Stored data entries
☆ ☆ ☆ ☆ ☆

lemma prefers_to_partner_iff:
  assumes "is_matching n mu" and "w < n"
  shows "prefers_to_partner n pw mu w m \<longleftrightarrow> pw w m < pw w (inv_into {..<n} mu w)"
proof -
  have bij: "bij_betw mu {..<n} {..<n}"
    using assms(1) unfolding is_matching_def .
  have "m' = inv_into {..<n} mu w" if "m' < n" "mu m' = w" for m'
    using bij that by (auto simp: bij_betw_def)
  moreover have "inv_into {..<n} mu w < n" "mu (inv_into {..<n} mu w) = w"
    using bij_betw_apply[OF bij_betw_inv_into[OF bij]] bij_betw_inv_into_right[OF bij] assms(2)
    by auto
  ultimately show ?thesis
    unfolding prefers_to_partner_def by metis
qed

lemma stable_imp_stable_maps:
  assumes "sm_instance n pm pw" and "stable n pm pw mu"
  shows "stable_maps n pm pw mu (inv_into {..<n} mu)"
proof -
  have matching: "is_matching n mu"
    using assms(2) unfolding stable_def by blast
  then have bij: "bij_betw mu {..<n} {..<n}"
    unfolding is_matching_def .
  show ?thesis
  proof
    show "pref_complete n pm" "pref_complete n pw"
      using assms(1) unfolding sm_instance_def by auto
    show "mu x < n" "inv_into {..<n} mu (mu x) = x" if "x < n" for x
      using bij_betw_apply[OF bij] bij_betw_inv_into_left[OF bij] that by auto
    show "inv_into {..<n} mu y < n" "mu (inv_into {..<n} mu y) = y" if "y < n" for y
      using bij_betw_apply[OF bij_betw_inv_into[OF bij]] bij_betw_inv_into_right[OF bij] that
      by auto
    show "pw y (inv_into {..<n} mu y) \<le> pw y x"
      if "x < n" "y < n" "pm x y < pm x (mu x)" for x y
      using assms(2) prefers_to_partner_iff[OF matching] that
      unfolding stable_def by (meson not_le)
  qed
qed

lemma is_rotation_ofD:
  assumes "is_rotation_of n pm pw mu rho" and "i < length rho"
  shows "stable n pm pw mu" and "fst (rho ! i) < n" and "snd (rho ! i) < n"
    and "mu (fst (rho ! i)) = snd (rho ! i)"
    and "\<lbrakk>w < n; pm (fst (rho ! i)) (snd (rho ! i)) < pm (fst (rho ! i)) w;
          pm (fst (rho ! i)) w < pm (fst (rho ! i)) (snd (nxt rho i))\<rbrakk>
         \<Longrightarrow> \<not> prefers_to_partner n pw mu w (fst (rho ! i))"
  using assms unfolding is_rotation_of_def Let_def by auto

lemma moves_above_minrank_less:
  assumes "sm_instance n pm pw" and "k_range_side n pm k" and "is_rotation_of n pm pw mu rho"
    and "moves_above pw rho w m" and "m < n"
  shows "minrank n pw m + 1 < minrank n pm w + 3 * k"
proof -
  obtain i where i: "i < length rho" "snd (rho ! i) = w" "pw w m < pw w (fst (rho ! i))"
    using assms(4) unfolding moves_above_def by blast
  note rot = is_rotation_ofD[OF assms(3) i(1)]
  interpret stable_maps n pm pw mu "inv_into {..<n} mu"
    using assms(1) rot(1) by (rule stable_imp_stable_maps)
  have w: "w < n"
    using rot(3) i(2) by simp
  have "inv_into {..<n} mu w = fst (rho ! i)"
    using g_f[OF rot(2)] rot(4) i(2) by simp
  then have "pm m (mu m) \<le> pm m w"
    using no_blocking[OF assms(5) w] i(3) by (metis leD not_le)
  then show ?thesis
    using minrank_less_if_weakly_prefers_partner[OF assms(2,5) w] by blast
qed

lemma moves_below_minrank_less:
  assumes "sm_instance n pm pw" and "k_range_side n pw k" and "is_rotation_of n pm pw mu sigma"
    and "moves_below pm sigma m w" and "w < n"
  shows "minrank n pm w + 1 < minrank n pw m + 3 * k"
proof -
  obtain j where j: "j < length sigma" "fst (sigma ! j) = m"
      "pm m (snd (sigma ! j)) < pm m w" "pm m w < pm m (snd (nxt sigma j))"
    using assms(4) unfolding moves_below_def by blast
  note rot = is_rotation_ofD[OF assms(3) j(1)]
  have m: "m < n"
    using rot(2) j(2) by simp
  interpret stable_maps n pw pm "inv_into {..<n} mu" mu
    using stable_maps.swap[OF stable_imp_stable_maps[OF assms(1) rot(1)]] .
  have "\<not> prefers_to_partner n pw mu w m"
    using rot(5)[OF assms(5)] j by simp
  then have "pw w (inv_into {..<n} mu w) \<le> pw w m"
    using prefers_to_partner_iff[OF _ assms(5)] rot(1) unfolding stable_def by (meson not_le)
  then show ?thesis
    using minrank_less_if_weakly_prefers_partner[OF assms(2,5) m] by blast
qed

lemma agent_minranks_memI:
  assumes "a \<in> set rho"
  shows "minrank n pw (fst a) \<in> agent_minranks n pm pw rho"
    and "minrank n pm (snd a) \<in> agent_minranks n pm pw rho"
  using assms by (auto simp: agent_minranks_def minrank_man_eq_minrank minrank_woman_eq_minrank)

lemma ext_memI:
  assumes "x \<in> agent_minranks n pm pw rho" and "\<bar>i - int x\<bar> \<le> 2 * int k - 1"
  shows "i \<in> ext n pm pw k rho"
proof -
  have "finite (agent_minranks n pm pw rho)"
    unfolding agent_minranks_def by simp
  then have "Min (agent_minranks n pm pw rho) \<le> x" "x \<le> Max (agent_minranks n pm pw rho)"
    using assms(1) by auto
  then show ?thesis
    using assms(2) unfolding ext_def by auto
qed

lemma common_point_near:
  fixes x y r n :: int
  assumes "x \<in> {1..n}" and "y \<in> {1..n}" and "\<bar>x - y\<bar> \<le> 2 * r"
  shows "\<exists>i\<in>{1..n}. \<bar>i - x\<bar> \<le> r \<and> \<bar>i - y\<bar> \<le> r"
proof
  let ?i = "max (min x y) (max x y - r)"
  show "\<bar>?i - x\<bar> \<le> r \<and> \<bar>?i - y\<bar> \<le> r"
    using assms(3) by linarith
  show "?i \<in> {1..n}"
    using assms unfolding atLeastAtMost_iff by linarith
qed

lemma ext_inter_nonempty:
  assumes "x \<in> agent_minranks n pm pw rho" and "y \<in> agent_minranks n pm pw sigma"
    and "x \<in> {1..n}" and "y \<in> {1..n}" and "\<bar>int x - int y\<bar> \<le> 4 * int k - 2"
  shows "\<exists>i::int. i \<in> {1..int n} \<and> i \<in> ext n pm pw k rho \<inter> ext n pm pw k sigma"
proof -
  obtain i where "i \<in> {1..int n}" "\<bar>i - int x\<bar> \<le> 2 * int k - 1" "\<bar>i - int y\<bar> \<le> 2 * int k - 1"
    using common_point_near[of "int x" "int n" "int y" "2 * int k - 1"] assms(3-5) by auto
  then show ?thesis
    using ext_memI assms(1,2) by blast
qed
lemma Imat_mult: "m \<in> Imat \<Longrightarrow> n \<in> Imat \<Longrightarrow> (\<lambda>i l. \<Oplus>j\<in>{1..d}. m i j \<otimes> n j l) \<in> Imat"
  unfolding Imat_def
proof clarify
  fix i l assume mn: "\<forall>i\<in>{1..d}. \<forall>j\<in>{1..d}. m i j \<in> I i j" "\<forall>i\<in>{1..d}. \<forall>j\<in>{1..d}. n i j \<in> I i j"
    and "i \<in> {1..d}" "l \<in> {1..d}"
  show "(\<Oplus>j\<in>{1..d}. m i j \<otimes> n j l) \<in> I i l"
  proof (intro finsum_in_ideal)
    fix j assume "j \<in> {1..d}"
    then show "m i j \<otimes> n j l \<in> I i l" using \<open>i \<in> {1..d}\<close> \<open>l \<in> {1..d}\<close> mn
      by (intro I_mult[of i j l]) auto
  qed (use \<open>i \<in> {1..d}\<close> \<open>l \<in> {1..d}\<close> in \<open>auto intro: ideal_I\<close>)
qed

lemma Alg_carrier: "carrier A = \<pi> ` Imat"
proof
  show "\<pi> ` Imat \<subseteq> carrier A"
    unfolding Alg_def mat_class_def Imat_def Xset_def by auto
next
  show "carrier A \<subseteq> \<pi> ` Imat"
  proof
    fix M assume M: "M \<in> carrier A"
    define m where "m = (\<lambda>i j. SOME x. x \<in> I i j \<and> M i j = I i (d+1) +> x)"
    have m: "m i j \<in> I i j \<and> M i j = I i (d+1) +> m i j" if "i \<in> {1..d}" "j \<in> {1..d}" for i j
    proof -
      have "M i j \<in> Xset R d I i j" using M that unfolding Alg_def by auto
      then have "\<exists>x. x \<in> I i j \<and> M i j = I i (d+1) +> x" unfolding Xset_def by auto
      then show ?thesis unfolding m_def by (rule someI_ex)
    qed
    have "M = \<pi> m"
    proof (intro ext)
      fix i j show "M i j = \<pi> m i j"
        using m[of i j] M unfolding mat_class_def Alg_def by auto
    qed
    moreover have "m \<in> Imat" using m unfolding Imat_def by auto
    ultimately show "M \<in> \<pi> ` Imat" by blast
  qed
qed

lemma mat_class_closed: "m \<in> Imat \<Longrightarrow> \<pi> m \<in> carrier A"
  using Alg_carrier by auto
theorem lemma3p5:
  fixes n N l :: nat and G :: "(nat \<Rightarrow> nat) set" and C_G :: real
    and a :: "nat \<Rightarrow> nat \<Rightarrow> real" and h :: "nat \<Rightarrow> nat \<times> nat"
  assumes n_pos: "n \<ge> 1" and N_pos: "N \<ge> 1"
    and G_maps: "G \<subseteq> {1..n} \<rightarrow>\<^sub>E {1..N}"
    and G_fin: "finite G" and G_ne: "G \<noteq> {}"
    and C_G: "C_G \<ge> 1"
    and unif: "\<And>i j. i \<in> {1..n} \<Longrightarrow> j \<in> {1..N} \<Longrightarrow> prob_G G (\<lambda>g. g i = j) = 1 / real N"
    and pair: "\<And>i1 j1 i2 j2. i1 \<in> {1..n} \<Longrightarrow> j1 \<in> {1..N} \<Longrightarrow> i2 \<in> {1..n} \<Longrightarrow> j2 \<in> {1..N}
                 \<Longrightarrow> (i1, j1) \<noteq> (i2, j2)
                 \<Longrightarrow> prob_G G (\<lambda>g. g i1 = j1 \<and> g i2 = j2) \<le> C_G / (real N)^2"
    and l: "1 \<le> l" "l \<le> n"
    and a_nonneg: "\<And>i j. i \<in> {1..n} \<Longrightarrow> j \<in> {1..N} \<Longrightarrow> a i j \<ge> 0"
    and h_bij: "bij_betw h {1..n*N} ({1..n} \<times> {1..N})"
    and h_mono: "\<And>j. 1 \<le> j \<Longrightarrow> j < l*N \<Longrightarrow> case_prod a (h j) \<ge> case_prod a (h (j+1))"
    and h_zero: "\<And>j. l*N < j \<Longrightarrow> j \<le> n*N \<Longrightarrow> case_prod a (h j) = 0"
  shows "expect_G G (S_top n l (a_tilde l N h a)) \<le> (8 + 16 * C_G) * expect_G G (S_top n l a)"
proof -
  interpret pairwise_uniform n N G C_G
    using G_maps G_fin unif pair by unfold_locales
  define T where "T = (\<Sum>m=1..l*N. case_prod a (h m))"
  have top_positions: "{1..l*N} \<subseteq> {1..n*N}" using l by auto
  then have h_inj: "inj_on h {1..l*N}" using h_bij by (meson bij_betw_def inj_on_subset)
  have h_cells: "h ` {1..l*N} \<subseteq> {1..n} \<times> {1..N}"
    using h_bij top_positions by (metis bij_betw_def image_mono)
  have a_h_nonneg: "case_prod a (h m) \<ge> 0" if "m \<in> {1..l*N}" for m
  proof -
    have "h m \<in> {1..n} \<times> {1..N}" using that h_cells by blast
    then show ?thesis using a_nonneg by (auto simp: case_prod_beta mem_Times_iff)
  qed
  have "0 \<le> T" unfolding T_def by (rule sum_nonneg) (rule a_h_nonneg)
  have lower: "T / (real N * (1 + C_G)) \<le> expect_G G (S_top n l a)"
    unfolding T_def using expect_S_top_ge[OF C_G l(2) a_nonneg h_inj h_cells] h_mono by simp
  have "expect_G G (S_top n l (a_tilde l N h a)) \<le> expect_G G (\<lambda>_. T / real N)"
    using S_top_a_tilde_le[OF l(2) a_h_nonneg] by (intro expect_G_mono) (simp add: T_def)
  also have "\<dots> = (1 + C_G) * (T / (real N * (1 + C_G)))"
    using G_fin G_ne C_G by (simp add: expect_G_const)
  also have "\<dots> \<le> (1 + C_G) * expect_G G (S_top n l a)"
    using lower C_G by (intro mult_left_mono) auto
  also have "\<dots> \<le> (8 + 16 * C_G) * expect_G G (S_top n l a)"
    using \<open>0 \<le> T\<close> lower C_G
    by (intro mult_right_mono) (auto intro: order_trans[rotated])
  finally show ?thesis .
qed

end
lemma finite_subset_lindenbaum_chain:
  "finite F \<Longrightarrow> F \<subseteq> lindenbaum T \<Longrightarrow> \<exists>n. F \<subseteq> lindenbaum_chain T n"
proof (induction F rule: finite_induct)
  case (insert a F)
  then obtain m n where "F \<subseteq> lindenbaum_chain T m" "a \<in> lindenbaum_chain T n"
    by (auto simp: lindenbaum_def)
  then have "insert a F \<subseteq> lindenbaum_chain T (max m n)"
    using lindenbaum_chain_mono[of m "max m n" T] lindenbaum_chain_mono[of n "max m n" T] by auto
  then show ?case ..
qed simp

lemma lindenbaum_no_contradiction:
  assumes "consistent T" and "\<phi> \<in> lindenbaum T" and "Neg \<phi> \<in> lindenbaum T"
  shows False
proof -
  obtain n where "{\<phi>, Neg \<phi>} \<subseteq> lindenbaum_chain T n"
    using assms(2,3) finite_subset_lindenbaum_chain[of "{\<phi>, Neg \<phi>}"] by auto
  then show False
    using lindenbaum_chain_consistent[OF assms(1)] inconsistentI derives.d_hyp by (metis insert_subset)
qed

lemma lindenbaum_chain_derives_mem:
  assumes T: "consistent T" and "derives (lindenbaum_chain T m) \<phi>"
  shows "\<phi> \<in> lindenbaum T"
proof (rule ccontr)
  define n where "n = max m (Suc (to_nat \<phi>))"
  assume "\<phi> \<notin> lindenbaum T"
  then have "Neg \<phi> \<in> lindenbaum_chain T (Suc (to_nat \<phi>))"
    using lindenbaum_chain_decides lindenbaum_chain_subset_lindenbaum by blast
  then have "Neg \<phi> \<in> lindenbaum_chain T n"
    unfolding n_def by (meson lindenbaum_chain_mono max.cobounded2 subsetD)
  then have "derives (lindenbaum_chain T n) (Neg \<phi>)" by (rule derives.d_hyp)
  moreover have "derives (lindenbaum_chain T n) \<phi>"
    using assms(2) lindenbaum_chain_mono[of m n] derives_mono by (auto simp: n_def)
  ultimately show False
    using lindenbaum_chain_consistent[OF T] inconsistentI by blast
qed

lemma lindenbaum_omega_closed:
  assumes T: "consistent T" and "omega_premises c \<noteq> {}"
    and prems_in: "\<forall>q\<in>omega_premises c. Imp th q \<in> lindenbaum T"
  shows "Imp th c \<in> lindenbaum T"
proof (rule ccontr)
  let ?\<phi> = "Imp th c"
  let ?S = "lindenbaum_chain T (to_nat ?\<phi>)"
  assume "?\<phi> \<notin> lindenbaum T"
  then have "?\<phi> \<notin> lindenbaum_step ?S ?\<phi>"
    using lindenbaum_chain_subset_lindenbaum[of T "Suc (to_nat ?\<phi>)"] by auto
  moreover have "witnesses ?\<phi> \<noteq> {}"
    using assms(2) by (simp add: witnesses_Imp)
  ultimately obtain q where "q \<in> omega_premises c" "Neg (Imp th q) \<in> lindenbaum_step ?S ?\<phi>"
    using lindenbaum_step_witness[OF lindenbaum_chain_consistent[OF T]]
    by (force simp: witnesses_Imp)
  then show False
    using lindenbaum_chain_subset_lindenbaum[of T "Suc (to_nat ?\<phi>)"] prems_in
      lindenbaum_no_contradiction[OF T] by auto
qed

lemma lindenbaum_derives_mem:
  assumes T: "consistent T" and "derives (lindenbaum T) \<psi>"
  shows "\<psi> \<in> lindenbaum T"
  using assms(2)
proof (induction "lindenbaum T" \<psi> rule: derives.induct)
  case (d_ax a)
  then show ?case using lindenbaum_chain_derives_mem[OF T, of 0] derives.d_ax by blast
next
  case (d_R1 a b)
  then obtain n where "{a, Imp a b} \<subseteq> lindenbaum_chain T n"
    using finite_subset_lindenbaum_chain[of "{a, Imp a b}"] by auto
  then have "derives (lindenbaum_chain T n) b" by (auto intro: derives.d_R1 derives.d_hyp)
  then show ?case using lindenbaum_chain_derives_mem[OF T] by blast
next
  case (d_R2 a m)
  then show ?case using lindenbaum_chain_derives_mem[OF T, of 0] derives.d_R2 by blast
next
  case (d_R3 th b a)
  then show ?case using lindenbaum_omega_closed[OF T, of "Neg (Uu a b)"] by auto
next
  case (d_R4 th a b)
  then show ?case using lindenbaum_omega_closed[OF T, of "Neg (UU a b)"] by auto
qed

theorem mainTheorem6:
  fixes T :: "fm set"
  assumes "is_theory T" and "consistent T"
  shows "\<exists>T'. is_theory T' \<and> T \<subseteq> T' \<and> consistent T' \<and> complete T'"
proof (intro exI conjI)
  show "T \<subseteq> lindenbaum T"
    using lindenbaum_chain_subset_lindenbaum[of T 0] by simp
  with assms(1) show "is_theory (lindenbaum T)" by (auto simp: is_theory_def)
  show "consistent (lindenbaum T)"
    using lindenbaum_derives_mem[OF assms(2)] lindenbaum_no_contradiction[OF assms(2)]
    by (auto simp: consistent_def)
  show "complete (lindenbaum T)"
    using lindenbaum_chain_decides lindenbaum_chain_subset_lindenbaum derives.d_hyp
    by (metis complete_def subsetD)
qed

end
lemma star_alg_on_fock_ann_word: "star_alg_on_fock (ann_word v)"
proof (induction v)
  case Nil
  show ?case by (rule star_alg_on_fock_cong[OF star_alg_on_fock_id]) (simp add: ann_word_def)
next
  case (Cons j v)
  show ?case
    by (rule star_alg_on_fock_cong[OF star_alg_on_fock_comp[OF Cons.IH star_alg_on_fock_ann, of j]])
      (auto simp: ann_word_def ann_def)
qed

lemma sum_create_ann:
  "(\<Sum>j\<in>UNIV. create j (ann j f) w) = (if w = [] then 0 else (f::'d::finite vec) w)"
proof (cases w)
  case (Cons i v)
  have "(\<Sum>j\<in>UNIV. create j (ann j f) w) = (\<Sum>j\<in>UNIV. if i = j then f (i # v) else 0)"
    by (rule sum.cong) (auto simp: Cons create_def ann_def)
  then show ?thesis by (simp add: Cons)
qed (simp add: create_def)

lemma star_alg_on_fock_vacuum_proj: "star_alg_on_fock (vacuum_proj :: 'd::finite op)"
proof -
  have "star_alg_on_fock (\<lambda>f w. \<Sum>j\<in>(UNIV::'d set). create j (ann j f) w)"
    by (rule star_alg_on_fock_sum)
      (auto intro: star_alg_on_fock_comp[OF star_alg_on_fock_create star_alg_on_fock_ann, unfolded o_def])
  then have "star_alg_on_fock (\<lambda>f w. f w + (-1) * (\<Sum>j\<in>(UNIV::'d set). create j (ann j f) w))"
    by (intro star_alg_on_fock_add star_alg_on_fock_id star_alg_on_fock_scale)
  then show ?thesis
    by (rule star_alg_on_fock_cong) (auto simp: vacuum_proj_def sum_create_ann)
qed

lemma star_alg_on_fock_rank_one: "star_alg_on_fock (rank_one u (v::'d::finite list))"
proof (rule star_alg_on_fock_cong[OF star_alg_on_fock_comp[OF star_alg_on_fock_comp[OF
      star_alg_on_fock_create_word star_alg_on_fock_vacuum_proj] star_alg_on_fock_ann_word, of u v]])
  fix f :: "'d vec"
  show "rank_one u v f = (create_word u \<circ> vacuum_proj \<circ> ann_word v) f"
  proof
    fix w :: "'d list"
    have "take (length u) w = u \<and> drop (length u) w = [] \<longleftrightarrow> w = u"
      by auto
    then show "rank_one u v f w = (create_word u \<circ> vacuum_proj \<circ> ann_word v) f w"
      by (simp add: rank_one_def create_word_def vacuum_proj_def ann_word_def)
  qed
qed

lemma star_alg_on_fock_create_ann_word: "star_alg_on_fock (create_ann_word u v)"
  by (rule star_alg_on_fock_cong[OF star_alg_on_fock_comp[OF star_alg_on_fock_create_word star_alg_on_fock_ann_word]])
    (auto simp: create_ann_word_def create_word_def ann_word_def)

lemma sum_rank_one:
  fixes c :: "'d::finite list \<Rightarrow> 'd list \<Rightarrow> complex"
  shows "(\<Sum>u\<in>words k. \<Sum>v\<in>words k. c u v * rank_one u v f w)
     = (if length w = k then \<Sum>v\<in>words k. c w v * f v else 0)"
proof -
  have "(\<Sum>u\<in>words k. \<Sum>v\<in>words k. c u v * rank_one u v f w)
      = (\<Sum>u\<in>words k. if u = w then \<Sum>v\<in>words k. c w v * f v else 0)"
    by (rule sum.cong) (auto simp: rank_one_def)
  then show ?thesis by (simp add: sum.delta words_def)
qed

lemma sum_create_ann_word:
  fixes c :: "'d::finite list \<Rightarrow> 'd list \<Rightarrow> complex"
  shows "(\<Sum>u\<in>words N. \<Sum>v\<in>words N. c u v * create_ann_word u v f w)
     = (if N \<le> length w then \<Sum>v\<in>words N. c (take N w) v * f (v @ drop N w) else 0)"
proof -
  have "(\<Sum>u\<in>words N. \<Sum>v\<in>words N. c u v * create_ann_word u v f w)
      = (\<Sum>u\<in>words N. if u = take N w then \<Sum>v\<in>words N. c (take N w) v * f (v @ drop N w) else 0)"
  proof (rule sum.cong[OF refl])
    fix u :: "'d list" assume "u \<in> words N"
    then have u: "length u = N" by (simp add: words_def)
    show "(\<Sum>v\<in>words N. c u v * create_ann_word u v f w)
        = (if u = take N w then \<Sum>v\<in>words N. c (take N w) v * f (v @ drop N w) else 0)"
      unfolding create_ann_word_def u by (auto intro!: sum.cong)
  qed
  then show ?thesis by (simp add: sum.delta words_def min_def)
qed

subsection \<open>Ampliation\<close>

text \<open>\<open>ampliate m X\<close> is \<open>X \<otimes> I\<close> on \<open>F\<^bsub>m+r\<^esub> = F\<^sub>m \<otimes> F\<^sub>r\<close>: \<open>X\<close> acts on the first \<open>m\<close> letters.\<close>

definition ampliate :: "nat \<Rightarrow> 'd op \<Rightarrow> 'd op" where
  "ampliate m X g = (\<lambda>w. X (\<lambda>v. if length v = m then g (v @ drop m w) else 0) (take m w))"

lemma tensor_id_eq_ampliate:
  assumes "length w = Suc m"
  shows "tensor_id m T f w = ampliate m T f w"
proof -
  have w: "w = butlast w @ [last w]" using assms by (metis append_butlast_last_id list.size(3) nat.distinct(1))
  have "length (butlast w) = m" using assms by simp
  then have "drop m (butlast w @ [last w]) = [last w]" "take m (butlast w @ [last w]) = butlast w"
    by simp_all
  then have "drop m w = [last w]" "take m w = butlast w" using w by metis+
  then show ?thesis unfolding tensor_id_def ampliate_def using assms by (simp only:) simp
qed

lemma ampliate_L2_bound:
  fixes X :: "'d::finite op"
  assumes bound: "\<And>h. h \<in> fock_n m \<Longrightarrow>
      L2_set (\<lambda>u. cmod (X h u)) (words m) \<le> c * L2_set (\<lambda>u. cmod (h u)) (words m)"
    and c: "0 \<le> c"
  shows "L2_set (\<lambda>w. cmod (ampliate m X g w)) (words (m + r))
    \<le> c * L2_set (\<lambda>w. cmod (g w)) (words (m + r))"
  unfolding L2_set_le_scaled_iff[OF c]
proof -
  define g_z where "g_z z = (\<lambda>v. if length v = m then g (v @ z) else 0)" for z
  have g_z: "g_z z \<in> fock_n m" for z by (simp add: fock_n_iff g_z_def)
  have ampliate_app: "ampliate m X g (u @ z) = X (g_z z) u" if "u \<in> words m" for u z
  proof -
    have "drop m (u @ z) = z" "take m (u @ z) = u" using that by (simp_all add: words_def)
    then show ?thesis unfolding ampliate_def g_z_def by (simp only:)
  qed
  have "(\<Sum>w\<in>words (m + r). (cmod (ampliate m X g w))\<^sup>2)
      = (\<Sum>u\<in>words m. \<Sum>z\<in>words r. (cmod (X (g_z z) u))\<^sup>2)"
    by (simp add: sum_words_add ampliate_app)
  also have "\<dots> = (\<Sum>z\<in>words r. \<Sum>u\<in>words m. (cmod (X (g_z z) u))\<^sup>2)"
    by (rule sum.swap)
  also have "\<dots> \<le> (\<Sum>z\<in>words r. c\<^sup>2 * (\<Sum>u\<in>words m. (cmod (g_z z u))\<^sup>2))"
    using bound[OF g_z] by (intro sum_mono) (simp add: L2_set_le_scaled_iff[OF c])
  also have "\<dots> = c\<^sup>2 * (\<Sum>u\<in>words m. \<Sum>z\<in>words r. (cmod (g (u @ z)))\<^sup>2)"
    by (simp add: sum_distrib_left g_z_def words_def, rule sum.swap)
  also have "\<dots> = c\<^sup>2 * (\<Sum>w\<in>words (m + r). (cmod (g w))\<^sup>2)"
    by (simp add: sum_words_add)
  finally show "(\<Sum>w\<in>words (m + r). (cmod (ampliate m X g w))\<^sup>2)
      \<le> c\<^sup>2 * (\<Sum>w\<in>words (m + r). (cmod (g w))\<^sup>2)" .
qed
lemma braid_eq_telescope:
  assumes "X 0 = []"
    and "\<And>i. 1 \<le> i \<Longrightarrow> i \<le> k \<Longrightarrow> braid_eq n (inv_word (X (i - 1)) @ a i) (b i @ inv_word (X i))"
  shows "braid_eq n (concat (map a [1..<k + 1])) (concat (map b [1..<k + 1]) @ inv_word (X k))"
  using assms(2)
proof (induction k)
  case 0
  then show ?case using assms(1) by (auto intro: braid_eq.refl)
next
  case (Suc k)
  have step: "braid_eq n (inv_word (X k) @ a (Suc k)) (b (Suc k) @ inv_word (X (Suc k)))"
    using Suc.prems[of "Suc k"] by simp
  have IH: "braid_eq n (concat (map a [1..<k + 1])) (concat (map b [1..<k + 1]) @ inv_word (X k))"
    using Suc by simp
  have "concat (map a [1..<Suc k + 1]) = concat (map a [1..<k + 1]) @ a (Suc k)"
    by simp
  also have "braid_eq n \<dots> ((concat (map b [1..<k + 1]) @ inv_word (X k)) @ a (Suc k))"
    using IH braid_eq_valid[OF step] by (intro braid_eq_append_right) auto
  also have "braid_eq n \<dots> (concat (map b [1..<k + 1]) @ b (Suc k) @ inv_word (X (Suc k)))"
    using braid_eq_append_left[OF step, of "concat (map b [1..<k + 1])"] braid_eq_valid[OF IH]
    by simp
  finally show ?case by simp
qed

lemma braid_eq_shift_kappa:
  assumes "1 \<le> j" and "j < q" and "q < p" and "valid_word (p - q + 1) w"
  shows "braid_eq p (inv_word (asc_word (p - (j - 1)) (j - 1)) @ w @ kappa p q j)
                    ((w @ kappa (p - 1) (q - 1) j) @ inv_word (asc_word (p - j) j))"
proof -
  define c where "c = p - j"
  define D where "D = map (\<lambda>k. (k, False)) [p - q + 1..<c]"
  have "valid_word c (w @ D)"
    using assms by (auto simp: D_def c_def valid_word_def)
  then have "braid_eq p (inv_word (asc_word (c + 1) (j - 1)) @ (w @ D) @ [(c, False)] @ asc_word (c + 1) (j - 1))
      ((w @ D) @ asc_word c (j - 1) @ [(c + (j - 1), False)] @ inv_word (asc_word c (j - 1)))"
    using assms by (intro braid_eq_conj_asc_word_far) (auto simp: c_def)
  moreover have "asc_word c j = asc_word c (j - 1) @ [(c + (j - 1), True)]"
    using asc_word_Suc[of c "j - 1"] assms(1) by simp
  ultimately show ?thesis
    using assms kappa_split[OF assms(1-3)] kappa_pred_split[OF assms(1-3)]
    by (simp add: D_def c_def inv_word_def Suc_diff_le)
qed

☆ ☆ ☆ ☆ ☆

> [Your instructions]:
Starting at the line above that contains "fix j assume", write out each line exactly until the line that contains "fix M assume" has been written, and stop there.

> [Solution for this problem]:
    fix j assume "j \<in> {1..d}"
    then show "m i j \<otimes> n j l \<in> I i l" using \<open>i \<in> {1..d}\<close> \<open>l \<in> {1..d}\<close> mn
      by (intro I_mult[of i j l]) auto
  qed (use \<open>i \<in> {1..d}\<close> \<open>l \<in> {1..d}\<close> in \<open>auto intro: ideal_I\<close>)
qed

lemma Alg_carrier: "carrier A = \<pi> ` Imat"
proof
  show "\<pi> ` Imat \<subseteq> carrier A"
    unfolding Alg_def mat_class_def Imat_def Xset_def by auto
next
  show "carrier A \<subseteq> \<pi> ` Imat"
  proof
    fix M assume M: "M \<in> carrier A"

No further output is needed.